In the pub, tensions are rising due both to the storm and to the fiery Methodist fisherman, Bob Boles, getting increasingly drunk and lecherous after the pub's main attraction, the two "nieces". Grimes suddenly enters ("Now the Great Bear and Pleiades..."), and his wild appearance unites almost the entire community in their fear and mistrust of his "temper". Ned Keene saves the situation by starting a round ("Old Joe has gone fishing"). Just as the round reaches a climax, Ellen arrives with the apprentice, both drenched. Grimes immediately sets off with the apprentice to his hut, despite the terrible storm.

Act 2

The same, some weeks later

On a sunny Sunday morning (the Third Orchestral Interlude), while most Borough townspeople are at church, Ellen talks with John the apprentice. She is horrified to find a bruise on his neck. When she confronts Grimes about it, he brusquely dismisses it as an accident. Growing angry at her concern and interference, he strikes her and runs off with the boy. This does not go unseen: first Keene, Auntie, and Bob Boles, then the chorus comment on what has happened, the latter developing into a flashmob which sets off to investigate at Grimes's fisherman's hut.
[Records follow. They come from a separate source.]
lemma tendsto_ln_div_ln_of_dyadic_bounds:
  fixes f :: "real \<Rightarrow> real"
  assumes A: "0 < A" "A < 1" and c: "0 < c"
    and bounds: "\<And>l r. (1/2)^Suc l < r \<Longrightarrow> r \<le> (1/2)^l \<Longrightarrow> c * A^l \<le> f r \<and> f r \<le> C * A^l"
  shows "((\<lambda>r. ln (f r) / ln r) \<longlongrightarrow> ln A / ln (1/2)) (at_right 0)"
proof (rule tendsto_ln_div_ln_at_right_0[where Ka = "ln c" and Kb = "ln C - ln A"])
  fix r :: real assume r: "0 < r" "r < 1"
  then obtain l where l: "(1/2)^Suc l < r" "r \<le> (1/2)^l"
    by (auto elim: obtain_dyadic_scale)
  define L where "L = ln r / ln (1/2)"
  have ln_half: "ln (1/2::real) < 0"
    by simp
  have "ln ((1/2::real)^Suc l) < ln r"
    using l(1) r(1) by (subst ln_less_cancel_iff) auto
  moreover have "ln r \<le> ln ((1/2::real)^l)"
    using l(2) r(1) by (subst ln_le_cancel_iff) auto
  ultimately have "(real l + 1) * ln (1/2) < ln r" "ln r \<le> real l * ln (1/2)"
    by (simp_all only: ln_realpow zero_less_divide_iff zero_less_one zero_less_numeral of_nat_Suc add.commute)
  then have "real l \<le> L" "L \<le> real l + 1"
    using ln_half unfolding L_def by (simp_all add: le_divide_eq divide_le_eq)
  moreover have "ln A < 0"
    using A by simp
  ultimately have "L * ln A \<le> real l * ln A" "real l * ln A \<le> (L - 1) * ln A"
    by (simp_all add: mult_right_mono_neg)
  moreover have "ln A / ln (1/2) * ln r = L * ln A"
    by (simp add: L_def)
  moreover have "0 < c * A^l"
    using A c by simp
  then have "ln (c * A^l) \<le> ln (f r)" "ln (f r) \<le> ln (C * A^l)"
    using bounds[OF l] by simp_all
  moreover have "c * A^l \<le> C * A^l"
    using bounds[OF l] by linarith
  then have "c \<le> C"
    by (rule mult_right_le_imp_le) (simp add: A)
  then have "0 < C"
    using c by simp
  then have "ln (c * A^l) = ln c + real l * ln A" "ln (C * A^l) = ln C + real l * ln A"
    using A c by (simp_all add: ln_mult ln_realpow)
  ultimately show "ln c + ln A / ln (1/2) * ln r \<le> ln (f r) \<and> ln (f r) \<le> ln C - ln A + ln A / ln (1/2) * ln r"
    by (simp add: algebra_simps)
qed

lemma sum_binary_digits:
  "(\<Sum>k=1..n. real (g k) * 2 powi (- (int k - 1))) = (\<Sum>j<n. real (g (Suc j)) * (1/2)^j)"
proof -
  have "(2::real) powi (- (int (Suc j) - 1)) = (1/2)^j" for j
    by (simp add: power_int_minus power_one_over inverse_eq_divide)
  then show ?thesis
    using sum.atLeast1_atMost_eq[of "\<lambda>k. real (g k) * 2 powi (- (int k - 1))" n] by simp
qed

context ifs_invariant
begin

lemma measure_vimage_ifs_word_le:
  assumes "\<forall>d\<in>set w. fst d \<in> {0, 1}" "B \<in> sets borel"
  shows "min (x/2) ((1-x)/2) ^ length w * measure \<nu> (ifs_word w -` B) \<le> measure \<nu> B"
  using assms
proof (induction w arbitrary: B)
  case (Cons d w)
  let ?c = "min (x/2) ((1-x)/2)"
  have "ifs_word (d # w) -` B = ifs_word w -` (ifs_map (fst d) (snd d) -` B)"
    by auto
  moreover have "ifs_map (fst d) (snd d) -` B \<in> sets borel"
    using measurable_sets[OF ifs_map_measurable Cons.prems(2)] by simp
  ultimately have "?c ^ length (d # w) * measure \<nu> (ifs_word (d # w) -` B)
      \<le> ?c * measure \<nu> (ifs_map (fst d) (snd d) -` B)"
    using Cons x_gt_0 x_lt_1 by (simp add: mult.assoc mult_left_mono)
  also have "\<dots> \<le> measure \<nu> B"
    using Cons.prems by (intro measure_vimage_ifs_map_le) auto
  finally show ?case .
qed (simp add: vimage_def)

lemma measure_cball_le:
  assumes r: "r \<le> 2 * (1/2)^l"
  shows "measure \<nu> (cball z r) \<le> 9 * ((1+x)/4)^l"
proof -
  define k where "k c = \<lfloor>c / (2 * (1/2)^l)\<rfloor>" for c :: real
  let ?D = "{-1, 0, 1::int} \<times> {-1, 0, 1::int}"
  define R where "R d = dyadic l (k (fst z) + fst d) \<times> dyadic l (k (snd z) + snd d)" for d
  have R_borel: "R d \<in> sets \<nu>" for d
    by (simp add: R_def sets_eq_borel borel_Times)
  have "cball z r \<subseteq> (\<Union>d\<in>?D. R d)"
  proof
    fix p assume "p \<in> cball z r"
    then have "\<bar>fst p - fst z\<bar> \<le> 2 * (1/2)^l" "\<bar>snd p - snd z\<bar> \<le> 2 * (1/2)^l"
      using dist_fst_le[of z p] dist_snd_le[of z p] r by (auto simp: dist_real_def mem_cball)
    then obtain d e where "d \<in> {-1, 0, 1}" "fst p \<in> dyadic l (k (fst z) + d)"
      and "e \<in> {-1, 0, 1}" "snd p \<in> dyadic l (k (snd z) + e)"
      unfolding k_def by (blast dest: mem_dyadic_neighbours)
    then show "p \<in> (\<Union>d\<in>?D. R d)"
      by (intro UN_I[of "(d, e)"]) (auto simp: R_def mem_Times_iff)
  qed
  then have "measure \<nu> (cball z r) \<le> measure \<nu> (\<Union>d\<in>?D. R d)"
    using R_borel by (intro finite_measure_mono sets.finite_UN) auto
  also have "\<dots> \<le> (\<Sum>d\<in>?D. measure \<nu> (R d))"
    using R_borel by (intro measure_UNION_le) auto
  also have "\<dots> \<le> (\<Sum>d\<in>?D. (1/2)^l * ((1+x)/2)^l)"
    unfolding R_def by (intro sum_mono measure_dyadic_rect_le)
  also have "\<dots> = 9 * ((1+x)/4)^l"
    by (simp add: power_mult_distrib[symmetric])
  finally show ?thesis .
qed

lemma measure_cball_ifs_word_ge:
  assumes digits: "\<forall>d\<in>set w. fst d \<in> {0, 1}" and r: "4 * (1/2)^l \<le> r"
  shows "min (x/2) ((1-x)/2) ^ length w * ((1+x)/4)^l \<le> measure \<nu> (cball (ifs_word w (0, 0)) r)"
proof -
  let ?c = "min (x/2) ((1-x)/2)"
  let ?S = "{0..2 * (1/2::real)^l} \<times> {0..2 * (1/2::real)^l}"
  have "?S \<subseteq> ifs_word w -` cball (ifs_word w (0, 0)) r"
  proof
    fix p assume "p \<in> ?S"
    then have "dist (0, 0) p \<le> r"
      using r sqrt_sum_squares_le_sum_abs[of "fst p" "snd p"] by (cases p) (auto simp: dist_Pair_Pair)
    then show "p \<in> ifs_word w -` cball (ifs_word w (0, 0)) r"
      using dist_ifs_word_le[of w "(0, 0)" p] by (simp add: mem_cball)
  qed
  then have "measure \<nu> ?S \<le> measure \<nu> (ifs_word w -` cball (ifs_word w (0, 0)) r)"
    using measurable_sets[OF ifs_word_measurable, of "cball _ r"] by (intro measure_mono_borel) auto
  moreover have "((1+x)/4)^l \<le> measure \<nu> ?S"
    using measure_initial_rect_ge[of l l] by (simp add: power_mult_distrib[symmetric])
  moreover have "0 \<le> ?c"
    using x_gt_0 x_lt_1 by simp
  ultimately have "?c ^ length w * ((1+x)/4)^l \<le> ?c ^ length w * measure \<nu> (ifs_word w -` cball (ifs_word w (0, 0)) r)"
    by (intro mult_left_mono) auto
  also have "\<dots> \<le> measure \<nu> (cball (ifs_word w (0, 0)) r)"
    using digits by (intro measure_vimage_ifs_word_le) auto
  finally show ?thesis .
qed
As they march off, Ellen, Auntie, and the nieces sing dispairingly of the town's menfolk. (the Fourth Orchestral Interlude (Passacaglia) follows as the scene changes).
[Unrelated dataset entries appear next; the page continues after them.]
(* Let $P$ be a program and let $\tau = \alpha \cdot \mathit{issue}(p,t) \cdot \beta \cdot \mathit{com}(p,t) \cdot \gamma$ be a minimal anomaly of $P$ such that $\mathit{issue}(p,t)$ happens before $\mathit{com}(p,t)$ through $\beta$. Then $\tau' = \alpha \cdot \mathit{issue}(p,t) \cdot \beta \cdot \mathit{com}(p,t)$ is also a minimal anomaly of $P$.
   Context: Programs: parallel compositions of processes, each a sequence of transactions (reads of shared variables into registers, writes of register expressions to shared variables, assume statements, delimited by begin and commit). Snapshot isolation (SI): a transaction reads/writes a local snapshot of the central memory taken at its begin and can commit (publishing its writes) only if no transaction committed after its begin wrote a variable it writes. Serializability: every transaction executes atomically. Traces: each transaction $t$ of process $p$ yields an issue event $\mathit{issue}(p,t)$ (begin, reads, local writes) and a commit event $\mathit{com}(p,t)$. Dependencies: $\mathsf{po}$ (program order), $\mathsf{rf}$ (write-read), $\mathsf{st}$ (store order between writes to the same variable), $\mathsf{cf}$ (conflict: a read does not see a write to the same variable that would affect it if visible), and issue-to-commit of the same transaction; $\mathsf{hb}^1$ is their union, $\mathsf{hb}$ its transitive closure. An anomaly of $P$ is a trace of an SI execution of $P$ that is not a trace of any serializable execution of $P$. "$a$ happens before $b$ through $\beta$" (in a trace $\alpha\cdot a\cdot\beta\cdot b\cdot\gamma$) means there is a nonempty subsequence $c_1\cdots c_n$ of $\beta$ with $c_i\to_{\mathsf{hb}^1}c_{i+1}$ for all $i\in[0,n]$, $c_0=a$, $c_{n+1}=b$. A transaction $t$ is delayed in a trace $\tau=\alpha\cdot\mathit{issue}(p,t)\cdot\beta\cdot\mathit{com}(p,t)\cdot\gamma$ if $\mathit{issue}(p,t)$ happens before $\mathit{com}(p,t)$ through $\beta$. $\#(\tau)$ is the number of delayed transactions in $\tau$, and an anomaly is minimal if it has the least number of delayed transactions among all anomalies of $P$. *)

theory Defs
  imports Main
begin

text \<open>Shared variables 'v, registers 'r, values 'd. Register expressions and
assume conditions are given semantically as functions of the register valuation.\<close>

datatype ('v, 'r, 'd) instr =
    Read 'r 'v
  | Write 'v "('r \<Rightarrow> 'd) \<Rightarrow> 'd"
  | Assume "('r \<Rightarrow> 'd) \<Rightarrow> bool"

type_synonym ('v, 'r, 'd) txn = "('v, 'r, 'd) instr list"

text \<open>A program: a list of processes, each a list of transactions.
Process p is index p, transaction t of p is index t in its list.\<close>
type_synonym ('v, 'r, 'd) program = "('v, 'r, 'd) txn list list"

abbreviation txn_of :: "('v, 'r, 'd) program \<Rightarrow> nat \<Rightarrow> nat \<Rightarrow> ('v, 'r, 'd) txn" where
  "txn_of P p t \<equiv> P ! p ! t"

datatype event = Issue nat nat | Com nat nat

fun exec_txn :: "('v \<Rightarrow> 'd) \<Rightarrow> ('v, 'r, 'd) txn \<Rightarrow> ('r \<Rightarrow> 'd) \<Rightarrow> ('v \<Rightarrow> 'd option)
                 \<Rightarrow> (('r \<Rightarrow> 'd) \<times> ('v \<Rightarrow> 'd option)) option" where
  "exec_txn m [] \<rho> w = Some (\<rho>, w)"
| "exec_txn m (Read r x # is) \<rho> w =
     exec_txn m is (\<rho>(r := (case w x of Some d \<Rightarrow> d | None \<Rightarrow> m x))) w"
| "exec_txn m (Write x f # is) \<rho> w = exec_txn m is \<rho> (w(x \<mapsto> f \<rho>))"
| "exec_txn m (Assume g # is) \<rho> w = (if g \<rho> then exec_txn m is \<rho> w else None)"

text \<open>Variables read from the snapshot (i.e. not after a local write to them).\<close>
fun ext_reads_from :: "'v set \<Rightarrow> ('v, 'r, 'd) txn \<Rightarrow> 'v set" where
  "ext_reads_from W [] = {}"
| "ext_reads_from W (Read r x # is) = (if x \<in> W then {} else {x}) \<union> ext_reads_from W is"
| "ext_reads_from W (Write x f # is) = ext_reads_from (insert x W) is"
| "ext_reads_from W (Assume g # is) = ext_reads_from W is"

definition ext_reads :: "('v, 'r, 'd) txn \<Rightarrow> 'v set" where
  "ext_reads T = ext_reads_from {} T"

definition wset :: "('v, 'r, 'd) txn \<Rightarrow> 'v set" where
  "wset T = {x. \<exists>f. Write x f \<in> set T}"

record ('v, 'r, 'd) cfg =
  mem  :: "'v \<Rightarrow> 'd"
  regs :: "nat \<Rightarrow> 'r \<Rightarrow> 'd"
  nxt  :: "nat \<Rightarrow> nat"
  pend :: "nat \<Rightarrow> ('v \<Rightarrow> 'd option) option"

definition init_cfg :: "('v, 'r, 'd::zero) cfg" where
  "init_cfg = \<lparr> mem = (\<lambda>_. 0), regs = (\<lambda>_ _. 0), nxt = (\<lambda>_. 0), pend = (\<lambda>_. None) \<rparr>"

definition no_conflict :: "('v, 'r, 'd) program \<Rightarrow> event list \<Rightarrow> nat \<Rightarrow> nat \<Rightarrow> bool" where
  "no_conflict P h p t \<longleftrightarrow>
     (\<forall>i k p' t'. i < k \<and> k < length h \<and> h ! i = Issue p t \<and> h ! k = Com p' t'
        \<longrightarrow> wset (txn_of P p' t') \<inter> wset (txn_of P p t) = {})"

fun si_step :: "('v, 'r, 'd) program \<Rightarrow> event list \<Rightarrow> ('v, 'r, 'd) cfg \<Rightarrow> event
                \<Rightarrow> ('v, 'r, 'd) cfg option" where
  "si_step P h c (Issue p t) =
     (if p < length P \<and> t < length (P ! p) \<and> nxt c p = t \<and> pend c p = None then
        (case exec_txn (mem c) (txn_of P p t) (regs c p) Map.empty of
           None \<Rightarrow> None
         | Some (\<rho>, w) \<Rightarrow> Some (c\<lparr> regs := (regs c)(p := \<rho>), pend := (pend c)(p := Some w) \<rparr>))
      else None)"
| "si_step P h c (Com p t) =
     (case pend c p of
        None \<Rightarrow> None
      | Some w \<Rightarrow>
          (if nxt c p = t \<and> no_conflict P h p t then
             Some (c\<lparr> mem := (\<lambda>x. case w x of Some d \<Rightarrow> d | None \<Rightarrow> mem c x),
                      pend := (pend c)(p := None), nxt := (nxt c)(p := Suc t) \<rparr>)
           else None))"

text \<open>Run over the reversed event list (head = last event).\<close>
fun run_rev :: "('v, 'r, 'd::zero) program \<Rightarrow> event list \<Rightarrow> ('v, 'r, 'd) cfg option" where
  "run_rev P [] = Some init_cfg"
| "run_rev P (e # r) =
     (case run_rev P r of None \<Rightarrow> None | Some c \<Rightarrow> si_step P (rev r) c e)"

definition si_exec :: "('v, 'r, 'd::zero) program \<Rightarrow> event list \<Rightarrow> bool" where
  "si_exec P \<tau> \<longleftrightarrow> run_rev P (rev \<tau>) \<noteq> None"

text \<open>Serializable execution: every (committed) transaction executes atomically,
i.e. its commit immediately follows its issue.\<close>
definition ser_exec :: "('v, 'r, 'd::zero) program \<Rightarrow> event list \<Rightarrow> bool" where
  "ser_exec P \<sigma> \<longleftrightarrow> si_exec P \<sigma> \<and>
     (\<forall>k p t. k < length \<sigma> \<and> \<sigma> ! k = Com p t \<longrightarrow> 0 < k \<and> \<sigma> ! (k - 1) = Issue p t)"

definition at :: "event list \<Rightarrow> nat \<Rightarrow> event \<Rightarrow> bool" where
  "at \<tau> k e \<longleftrightarrow> k < length \<tau> \<and> \<tau> ! k = e"

definition po :: "('v, 'r, 'd) program \<Rightarrow> event list \<Rightarrow> event \<Rightarrow> event \<Rightarrow> bool" where
  "po P \<tau> e1 e2 \<longleftrightarrow> (\<exists>p t t'. e1 = Issue p t \<and> e2 = Issue p t' \<and> t < t'
                         \<and> e1 \<in> set \<tau> \<and> e2 \<in> set \<tau>)"

definition rf :: "('v, 'r, 'd) program \<Rightarrow> event list \<Rightarrow> event \<Rightarrow> event \<Rightarrow> bool" where
  "rf P \<tau> e1 e2 \<longleftrightarrow> (\<exists>p' t' p t x k i. e1 = Com p' t' \<and> e2 = Issue p t \<and>
       at \<tau> k e1 \<and> at \<tau> i e2 \<and> k < i \<and>
       x \<in> ext_reads (txn_of P p t) \<and> x \<in> wset (txn_of P p' t') \<and>
       (\<forall>k' p'' t''. k < k' \<and> k' < i \<and> at \<tau> k' (Com p'' t'')
           \<longrightarrow> x \<notin> wset (txn_of P p'' t'')))"

definition st :: "('v, 'r, 'd) program \<Rightarrow> event list \<Rightarrow> event \<Rightarrow> event \<Rightarrow> bool" where
  "st P \<tau> e1 e2 \<longleftrightarrow> (\<exists>p t p' t' k k'. e1 = Com p t \<and> e2 = Com p' t' \<and>
       at \<tau> k e1 \<and> at \<tau> k' e2 \<and> k < k' \<and>
       wset (txn_of P p t) \<inter> wset (txn_of P p' t') \<noteq> {})"

text \<open>conflict: (p,t) reads x from its snapshot and another transaction (p',t')
writing x commits after the issue of (p,t), so its write is not visible to the read.\<close>
definition cf :: "('v, 'r, 'd) program \<Rightarrow> event list \<Rightarrow> event \<Rightarrow> event \<Rightarrow> bool" where
  "cf P \<tau> e1 e2 \<longleftrightarrow> (\<exists>p t p' t' i k. e1 = Issue p t \<and> e2 = Com p' t' \<and> (p, t) \<noteq> (p', t') \<and>
       at \<tau> i e1 \<and> at \<tau> k e2 \<and> i < k \<and>
       ext_reads (txn_of P p t) \<inter> wset (txn_of P p' t') \<noteq> {})"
At the hut, Grimes impatiently demands John changes out of his Sunday clothes and into fisherman's gear. Though it is a Sunday he hastily prepares to set out to fish as he has seen a large school of herring. Grimes becomes lost in his memories of his previous apprentice, reliving the boy's death of thirst. When he hears the mob of townspeople approaching, he quickly snaps back to reality, stirred both by a paranoid belief that John has been gossiping with Ellen, so provoking the anger of the town against him; and at the same time angrily defiant. He warns John to be careful climbing down the cliff to the boat. But to no avail: in their haste the boy slips to his death below. When the mob reaches the hut Grimes and the apprentice are not to be found, so they disperse, curious and suspicious.

Act 3

The same, two days later, night in the Borough ("Moonlight" in the Sea Interludes).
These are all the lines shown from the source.